Piecing together the promises made in a marriage resembles piecing together the squares in a quilt. They can be joined together without thought, without intimacy and continuity, or they can be joined together in a way that becomes sacrament, a living covenant of people sharing in the process of creating the memories and life stories found within its border. What is the future of lifelong marriage? Is it an impossible dream? Or can we, both women and men, come to value its meaning in a new way – carefully selecting the quality pieces of tradition while interweaving the basic human right to be ourselves, without apology or guilt, and to be treated as equals.

How to Make an American Quilt invites the honesty and openness of all those involved in the couple’s life. Each patch within the quilt represents the story of the older women in the group-their joys and sorrows, their failures to stand up for themselves when exploited and, most important of all, their ability to forgive and move forward in their lives. The experienced quilter, Anna, reminds the group that this is a Love Quilt, a Story Quilt of the Life Before, and none of the squares can detract from the others. ‘We will follow the rules of design!’, she cautions. The young novice quilter, her daughter, poses the paradox of marriage, ‘Sometimes you have to break the rules to keep the work alive.’ For some the commitment ends because one partner removes themselves from the pattern of the quilt; and for some the stitches remain connected, and a new life stage begins to unfold. Emma, who has lived in a marriage of broken rules for thirty years, is ready to leave yet finds a way to forgive and move forward with her life.
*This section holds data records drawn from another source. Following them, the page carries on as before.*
(* Let $V$ be a finite set with $|V|=K$, let $\eta>0$, and let $\ell_1,\dots,\ell_T:V\to[0,\infty)$ be loss functions (so $\ell_t(i)\ge 0$ for all $t,i$). Let $q_1,\dots,q_T$ be the probability vectors $$q_t(i)=\frac{\exp(-\eta\sum_{s=1}^{t-1}\ell_s(i))}{\sum_{j\in V}\exp(-\eta\sum_{s=1}^{t-1}\ell_s(j))},\qquad i\in V.$$ For each $t$ let $S_t\subseteq V$ be such that $\ell_t(i)\le 1/\eta$ for all $i\in S_t$. Then for any $i^\star\in V$, $$\sum_{t=1}^T\sum_{i\in V}q_t(i)\ell_t(i)-\sum_{t=1}^T\ell_t(i^\star)\le\frac{\ln K}{\eta}+\eta\sum_{t=1}^T\Big(\sum_{i\in S_t}q_t(i)(1-q_t(i))\ell_t(i)^2+\sum_{i\notin S_t}q_t(i)\ell_t(i)^2\Big).$$ *)

theory Defs
  imports Complex_Main
begin

definition hedge_q :: "'a set \<Rightarrow> real \<Rightarrow> (nat \<Rightarrow> 'a \<Rightarrow> real) \<Rightarrow> nat \<Rightarrow> 'a \<Rightarrow> real" where
  "hedge_q V \<eta> l t i =
     exp (- \<eta> * (\<Sum>s=1..<t. l s i)) / (\<Sum>j\<in>V. exp (- \<eta> * (\<Sum>s=1..<t. l s j)))"

end

theory Submission
  imports Defs
begin

text \<open>The potential \<open>W t = (\<Sum>j\<in>V. exp (-\<eta> * L t j))\<close>, with \<open>L t j\<close>
  the cumulative loss of \<open>j\<close> before round \<open>t\<close>, starts at \<open>W 1 = K\<close>, ends above
  \<open>exp (-\<eta> * L (T+1) i\<^sup>\<star>)\<close>, and each round multiplies it by \<open>\<Sum>i\<in>V. q t i * exp (-\<eta> * l t i)\<close>.
  The logarithm of this factor is bounded with \<open>exp (-y) \<le> 1 - y + y\<^sup>2\<close> (valid for \<open>y \<ge> -1\<close>)
  after centring the scaled losses at \<open>c = (\<Sum>i\<in>S t. q t i * \<eta> * l t i)\<close>, which is at most 1
  because the losses on \<open>S t\<close> are at most \<open>1/\<eta>\<close>.\<close>

lemma exp_minus_le_quadratic:
  fixes y :: real
  assumes "y \<ge> -1"
  shows "exp (-y) \<le> 1 - y + y\<^sup>2"
proof (cases "y \<ge> 0")
  case True
  have "exp (-y) \<le> 1 / (1 + y)"
    using exp_ge_add_one_self[of y] True by (simp add: exp_minus field_simps)
  also have "\<dots> \<le> 1 - y + y\<^sup>2"
    using True by (simp add: field_simps power2_eq_square)
  finally show ?thesis .
next
  case False
  have "exp (-y) \<le> 1 + (-y) + (-y)\<^sup>2"
    by (rule exp_bound) (use False assms in auto)
  then show ?thesis by simp
qed

lemma sum_squares_le_square_sum:
  fixes a :: "'b \<Rightarrow> real"
  assumes "finite A" and "\<And>i. i \<in> A \<Longrightarrow> a i \<ge> 0"
  shows "(\<Sum>i\<in>A. (a i)\<^sup>2) \<le> (\<Sum>i\<in>A. a i)\<^sup>2"
  using assms
proof (induction A rule: finite_induct)
  case (insert x F)
  have "0 \<le> a x * (\<Sum>i\<in>F. a i)"
    by (intro mult_nonneg_nonneg sum_nonneg) (auto simp: insert.prems)
  then show ?case
    using insert by (simp add: power2_eq_square algebra_simps)
qed simp

lemma ln_sum_exp_le_second_moment:
  fixes q x :: "'b \<Rightarrow> real"
  assumes "finite V" and q_nonneg: "\<And>i. i \<in> V \<Longrightarrow> q i \<ge> 0" and q_sum: "(\<Sum>i\<in>V. q i) = 1"
    and shift: "\<And>i. i \<in> V \<Longrightarrow> x i - c \<ge> -1"
  shows "ln (\<Sum>i\<in>V. q i * exp (- x i)) \<le> - (\<Sum>i\<in>V. q i * x i) + (\<Sum>i\<in>V. q i * (x i - c)\<^sup>2)"
proof -
  define m where "m = - (\<Sum>i\<in>V. q i * x i) + (\<Sum>i\<in>V. q i * (x i - c)\<^sup>2)"
  obtain j where j: "j \<in> V" "q j \<noteq> 0"
    using q_sum by (metis sum.not_neutral_contains_not_neutral zero_neq_one)
  have "(\<Sum>i\<in>V. q i * (1 - (x i - c) + (x i - c)\<^sup>2))
      = (\<Sum>i\<in>V. q i) * (1 + c) - (\<Sum>i\<in>V. q i * x i) + (\<Sum>i\<in>V. q i * (x i - c)\<^sup>2)"
    by (simp add: algebra_simps sum.distrib sum_subtractf sum_distrib_left sum_distrib_right)
  then have mean: "(\<Sum>i\<in>V. q i * (1 - (x i - c) + (x i - c)\<^sup>2)) = 1 + (c + m)"
    using q_sum unfolding m_def by simp
  have pos: "(\<Sum>i\<in>V. q i * exp (- x i)) > 0"
    using j q_nonneg \<open>finite V\<close> by (intro sum_pos2[of V j]) (auto simp: order.strict_iff_order)
  have "(\<Sum>i\<in>V. q i * exp (- x i)) \<le> (\<Sum>i\<in>V. q i * (exp (-c) * (1 - (x i - c) + (x i - c)\<^sup>2)))"
  proof (intro sum_mono mult_left_mono)
    fix i assume "i \<in> V"
    have "exp (- x i) = exp (-c) * exp (- (x i - c))"
      by (simp flip: exp_add)
    also have "\<dots> \<le> exp (-c) * (1 - (x i - c) + (x i - c)\<^sup>2)"
      using shift[OF \<open>i \<in> V\<close>] by (intro mult_left_mono exp_minus_le_quadratic) auto
    finally show "exp (- x i) \<le> exp (-c) * (1 - (x i - c) + (x i - c)\<^sup>2)" .
  qed (use q_nonneg in auto)
  also have "\<dots> = exp (-c) * (\<Sum>i\<in>V. q i * (1 - (x i - c) + (x i - c)\<^sup>2))"
    by (simp add: sum_distrib_left algebra_simps)
  also have "\<dots> = exp (-c) * (1 + (c + m))"
    by (simp only: mean)
  also have "\<dots> \<le> exp (-c) * exp (c + m)"
    by (intro mult_left_mono exp_ge_add_one_self) auto
  also have "\<dots> = exp m"
    by (simp flip: exp_add)
  finally show ?thesis
    using pos unfolding m_def by (metis ln_exp ln_le_cancel_iff exp_gt_zero)
qed

text \<open>Centring at the partial mean over \<open>S\<close> rather than the full mean is what produces the
  factor \<open>1 - q i\<close> on \<open>S\<close>, through \<open>c\<^sup>2 \<ge> (\<Sum>i\<in>S. (q i * x i)\<^sup>2)\<close>.\<close>

lemma second_moment_about_partial_mean_le:
  fixes q x :: "'b \<Rightarrow> real"
  assumes "finite V" and q_nonneg: "\<And>i. i \<in> V \<Longrightarrow> q i \<ge> 0" and q_sum: "(\<Sum>i\<in>V. q i) = 1"
    and x_nonneg: "\<And>i. i \<in> V \<Longrightarrow> x i \<ge> 0" and "S \<subseteq> V"
  shows "(\<Sum>i\<in>V. q i * (x i - (\<Sum>j\<in>S. q j * x j))\<^sup>2)
         \<le> (\<Sum>i\<in>S. q i * (1 - q i) * (x i)\<^sup>2) + (\<Sum>i\<in>V - S. q i * (x i)\<^sup>2)"
proof -
  define c where "c = (\<Sum>j\<in>S. q j * x j)"
  define \<mu> where "\<mu> = (\<Sum>i\<in>V. q i * x i)"
  have "(\<Sum>i\<in>V. q i * (x i - c)\<^sup>2) = (\<Sum>i\<in>V. q i * (x i)\<^sup>2) - 2 * c * \<mu> + c\<^sup>2 * (\<Sum>i\<in>V. q i)"
    unfolding \<mu>_def
    by (simp add: power2_eq_square algebra_simps sum.distrib sum_subtractf sum_distrib_left sum_distrib_right)
  then have "(\<Sum>i\<in>V. q i * (x i - c)\<^sup>2) = (\<Sum>i\<in>V. q i * (x i)\<^sup>2) - 2 * c * \<mu> + c\<^sup>2"
    using q_sum by simp
  moreover have "c\<^sup>2 \<le> c * \<mu>"
  proof -
    have "c \<ge> 0"
      unfolding c_def using \<open>S \<subseteq> V\<close> q_nonneg x_nonneg by (auto intro!: sum_nonneg)
    moreover have "c \<le> \<mu>"
      unfolding c_def \<mu>_def using \<open>S \<subseteq> V\<close> q_nonneg x_nonneg \<open>finite V\<close> by (intro sum_mono2) auto
    ultimately show ?thesis by (simp add: power2_eq_square mult_left_mono)
  qed
  moreover have "(\<Sum>i\<in>S. (q i * x i)\<^sup>2) \<le> c\<^sup>2"
    unfolding c_def using \<open>S \<subseteq> V\<close> q_nonneg x_nonneg \<open>finite V\<close>
    by (intro sum_squares_le_square_sum) (auto intro: finite_subset)
  moreover have "(\<Sum>i\<in>V. q i * (x i)\<^sup>2) = (\<Sum>i\<in>S. q i * (x i)\<^sup>2) + (\<Sum>i\<in>V - S. q i * (x i)\<^sup>2)"
    using sum.subset_diff[OF \<open>S \<subseteq> V\<close> \<open>finite V\<close>] by (simp add: add.commute)
  moreover have "(\<Sum>i\<in>S. q i * (1 - q i) * (x i)\<^sup>2) = (\<Sum>i\<in>S. q i * (x i)\<^sup>2) - (\<Sum>i\<in>S. (q i * x i)\<^sup>2)"
    by (simp add: power2_eq_square algebra_simps flip: sum_subtractf)
  ultimately show ?thesis
    unfolding c_def[symmetric] by linarith
qed

lemma ln_sum_exp_le_refined_variance:
  fixes q x :: "'b \<Rightarrow> real"
  assumes "finite V" and q_nonneg: "\<And>i. i \<in> V \<Longrightarrow> q i \<ge> 0" and q_sum: "(\<Sum>i\<in>V. q i) = 1"
    and x_nonneg: "\<And>i. i \<in> V \<Longrightarrow> x i \<ge> 0" and "S \<subseteq> V" and x_le_1: "\<And>i. i \<in> S \<Longrightarrow> x i \<le> 1"
  shows "ln (\<Sum>i\<in>V. q i * exp (- x i)) \<le> - (\<Sum>i\<in>V. q i * x i)
           + ((\<Sum>i\<in>S. q i * (1 - q i) * (x i)\<^sup>2) + (\<Sum>i\<in>V - S. q i * (x i)\<^sup>2))"
proof -
  define c where "c = (\<Sum>j\<in>S. q j * x j)"
  have "c \<le> (\<Sum>j\<in>S. q j)"
    unfolding c_def using \<open>S \<subseteq> V\<close> q_nonneg x_le_1 by (intro sum_mono) (auto intro: mult_left_le)
  also have "\<dots> \<le> 1"
    using \<open>S \<subseteq> V\<close> q_nonneg \<open>finite V\<close> q_sum by (metis DiffD1 sum_mono2)
  finally have "c \<le> 1" .
  then have shift: "x i - c \<ge> -1" if "i \<in> V" for i
    using x_nonneg[OF that] by linarith
  have "ln (\<Sum>i\<in>V. q i * exp (- x i)) \<le> - (\<Sum>i\<in>V. q i * x i) + (\<Sum>i\<in>V. q i * (x i - c)\<^sup>2)"
    by (rule ln_sum_exp_le_second_moment) (use assms shift in auto)
  moreover have "(\<Sum>i\<in>V. q i * (x i - c)\<^sup>2)
      \<le> (\<Sum>i\<in>S. q i * (1 - q i) * (x i)\<^sup>2) + (\<Sum>i\<in>V - S. q i * (x i)\<^sup>2)"
    unfolding c_def by (rule second_moment_about_partial_mean_le) (use assms in auto)
  ultimately show ?thesis by linarith
qed

definition hedge_potential :: "'a set \<Rightarrow> real \<Rightarrow> (nat \<Rightarrow> 'a \<Rightarrow> real) \<Rightarrow> nat \<Rightarrow> real" where
  "hedge_potential V \<eta> l t = (\<Sum>j\<in>V. exp (- \<eta> * (\<Sum>s=1..<t. l s j)))"

lemma hedge_q_eq_div_potential:
  "hedge_q V \<eta> l t i = exp (- \<eta> * (\<Sum>s=1..<t. l s i)) / hedge_potential V \<eta> l t"
  unfolding hedge_q_def hedge_potential_def ..

lemma hedge_potential_pos: "finite V \<Longrightarrow> V \<noteq> {} \<Longrightarrow> hedge_potential V \<eta> l t > 0"
  unfolding hedge_potential_def by (intro sum_pos) auto

lemma hedge_q_nonneg: "finite V \<Longrightarrow> V \<noteq> {} \<Longrightarrow> hedge_q V \<eta> l t i \<ge> 0"
  unfolding hedge_q_eq_div_potential by (intro divide_nonneg_pos hedge_potential_pos) auto

lemma sum_hedge_q: "finite V \<Longrightarrow> V \<noteq> {} \<Longrightarrow> (\<Sum>i\<in>V. hedge_q V \<eta> l t i) = 1"
  using hedge_potential_pos[of V \<eta> l t]
  by (simp add: hedge_q_eq_div_potential hedge_potential_def flip: sum_divide_distrib)

lemma hedge_potential_1: "hedge_potential V \<eta> l 1 = real (card V)"
  by (simp add: hedge_potential_def)

lemma hedge_potential_Suc:
  assumes "finite V" and "V \<noteq> {}" and "t \<ge> 1"
  shows "hedge_potential V \<eta> l (Suc t)
         = hedge_potential V \<eta> l t * (\<Sum>i\<in>V. hedge_q V \<eta> l t i * exp (- (\<eta> * l t i)))"
  using hedge_potential_pos[OF assms(1,2), of \<eta> l t] \<open>t \<ge> 1\<close>
  by (simp add: hedge_q_eq_div_potential hedge_potential_def sum_distrib_left distrib_left
      flip: exp_add)

lemma ln_hedge_potential_ge:
  assumes "finite V" and "i \<in> V"
  shows "- \<eta> * (\<Sum>s=1..<t. l s i) \<le> ln (hedge_potential V \<eta> l t)"
proof -
  have "exp (- \<eta> * (\<Sum>s=1..<t. l s i)) \<le> hedge_potential V \<eta> l t"
    unfolding hedge_potential_def using assms by (intro member_le_sum) auto
  then show ?thesis
    using hedge_potential_pos[OF assms(1)] assms(2) by (metis empty_iff exp_gt_zero ln_exp ln_le_cancel_iff)
qed

lemma ln_hedge_potential_Suc_le:
  assumes "finite V" and "V \<noteq> {}" and "\<eta> > 0" and "t \<ge> 1"
    and "\<And>i. i \<in> V \<Longrightarrow> l t i \<ge> 0" and "S \<subseteq> V"
    and "\<And>i. i \<in> S \<Longrightarrow> l t i \<le> 1 / \<eta>"
  shows "ln (hedge_potential V \<eta> l (Suc t)) - ln (hedge_potential V \<eta> l t)
         \<le> - \<eta> * (\<Sum>i\<in>V. hedge_q V \<eta> l t i * l t i)
           + \<eta>\<^sup>2 * ((\<Sum>i\<in>S. hedge_q V \<eta> l t i * (1 - hedge_q V \<eta> l t i) * (l t i)\<^sup>2)
                    + (\<Sum>i\<in>V - S. hedge_q V \<eta> l t i * (l t i)\<^sup>2))"
proof -
  let ?q = "hedge_q V \<eta> l t" and ?W = "hedge_potential V \<eta> l"
  have W_pos: "?W t > 0" "?W (Suc t) > 0"
    using hedge_potential_pos[OF assms(1,2)] by auto
  have "ln (?W (Suc t)) - ln (?W t) = ln (\<Sum>i\<in>V. ?q i * exp (- (\<eta> * l t i)))"
    using hedge_potential_Suc[OF assms(1,2,4), of \<eta> l] W_pos
    by (simp add: ln_mult zero_less_mult_iff)
  also have "\<dots> \<le> - (\<Sum>i\<in>V. ?q i * (\<eta> * l t i))
      + ((\<Sum>i\<in>S. ?q i * (1 - ?q i) * (\<eta> * l t i)\<^sup>2) + (\<Sum>i\<in>V - S. ?q i * (\<eta> * l t i)\<^sup>2))"
    using assms hedge_q_nonneg[OF assms(1,2)] sum_hedge_q[OF assms(1,2)]
    by (intro ln_sum_exp_le_refined_variance) (auto simp: field_simps)
  also have "\<dots> = - \<eta> * (\<Sum>i\<in>V. ?q i * l t i)
      + \<eta>\<^sup>2 * ((\<Sum>i\<in>S. ?q i * (1 - ?q i) * (l t i)\<^sup>2) + (\<Sum>i\<in>V - S. ?q i * (l t i)\<^sup>2))"
    by (simp add: sum_distrib_left power_mult_distrib algebra_simps sum_negf)
  finally show ?thesis .
qed

theorem lemma4:
  fixes V :: "'a set" and K :: nat and \<eta> :: real and l :: "nat \<Rightarrow> 'a \<Rightarrow> real"
    and T :: nat and S :: "nat \<Rightarrow> 'a set" and istar :: 'a
  assumes "finite V" and "card V = K" and "\<eta> > 0"
    and "\<And>t i. t \<in> {1..T} \<Longrightarrow> i \<in> V \<Longrightarrow> l t i \<ge> 0"
    and "\<And>t. t \<in> {1..T} \<Longrightarrow> S t \<subseteq> V"
    and "\<And>t i. t \<in> {1..T} \<Longrightarrow> i \<in> S t \<Longrightarrow> l t i \<le> 1 / \<eta>"
    and "istar \<in> V"
  shows "(\<Sum>t=1..T. \<Sum>i\<in>V. hedge_q V \<eta> l t i * l t i) - (\<Sum>t=1..T. l t istar)
         \<le> ln (real K) / \<eta>
           + \<eta> * (\<Sum>t=1..T. (\<Sum>i\<in>S t. hedge_q V \<eta> l t i * (1 - hedge_q V \<eta> l t i) * (l t i)\<^sup>2)
                              + (\<Sum>i\<in>V - S t. hedge_q V \<eta> l t i * (l t i)\<^sup>2))"
    (is "?loss - ?best \<le> _ + \<eta> * (\<Sum>t=1..T. ?R t)")
proof -
  let ?W = "hedge_potential V \<eta> l"
  have "V \<noteq> {}" using \<open>istar \<in> V\<close> by auto
  have "?W 1 = real K"
    unfolding hedge_potential_1 using \<open>card V = K\<close> by simp
  moreover have "{1..<Suc T} = {1..T}" by auto
  ultimately have "- \<eta> * ?best - ln (real K) \<le> ln (?W (Suc T)) - ln (?W 1)"
    using ln_hedge_potential_ge[OF \<open>finite V\<close> \<open>istar \<in> V\<close>, of \<eta> l "Suc T"] by simp
  also have "\<dots> = (\<Sum>t=1..T. ln (?W (Suc t)) - ln (?W t))"
    by (rule sum_Suc_diff[symmetric]) simp
  also have "\<dots> \<le> (\<Sum>t=1..T. - \<eta> * (\<Sum>i\<in>V. hedge_q V \<eta> l t i * l t i) + \<eta>\<^sup>2 * ?R t)"
    using assms \<open>V \<noteq> {}\<close> by (intro sum_mono ln_hedge_potential_Suc_le) auto
  also have "\<dots> = - \<eta> * ?loss + \<eta>\<^sup>2 * (\<Sum>t=1..T. ?R t)"
    by (simp add: sum.distrib sum_distrib_left distrib_left)
  finally have "\<eta> * (?loss - ?best) \<le> ln (real K) + \<eta>\<^sup>2 * (\<Sum>t=1..T. ?R t)"
    by (simp add: algebra_simps)
  then show ?thesis
    using \<open>\<eta> > 0\<close> by (simp add: field_simps power2_eq_square)
qed

end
“Young lovers seek perfection –

Old lovers learn the art of sewing shreds together and seeing beauty in a multiplicity of patches.”

Image from Pixabay

The art of sewing shreds together needs the guidance of those who say they value marriage and families. Too often those who struggle with piecing together the promises made in marriage feel alone in their journey. There is a silence within our religions where we are taught that marriage is a living sacrament – a sign of God’s presence in the world.

In the past, marriage and family have been seen as a ‘woman’s thing’. It should be the woman who ‘keeps the nest, while the man fluffs his feathers’. Today’s woman seeks a mutual freedom within a marriage which doesn’t disregard the other, and she hopes that the man in her lift will be a co-creator in this new perspective of marriage. The ‘American Quilt’ can only be strengthened when both of the stitchers are equal participants in all that brings new creativity, color and design to the finished piece.

Finn asks the question, and from the open and honest responses of those around her, she is given strength to follow her own good insights and to follow her heart.

‘I know our marriage has as good a chance of being wonderful as it does of missing the mark. However, I’m banking on our love for each other to weigh a bit heavier on the wonderful side. As Anna says about making quilts, ‘You have to choose your combination carefully. The right choices will enhance your quilt. The wrong choices will dull its colors and hide their original beauty.’

Love is not affectionate feelings, but a steady wish for the loved person’s ultimate good as far as it can be obtained.

C. S. Lewis

Image from Pixabay ~ wedding ring pattern.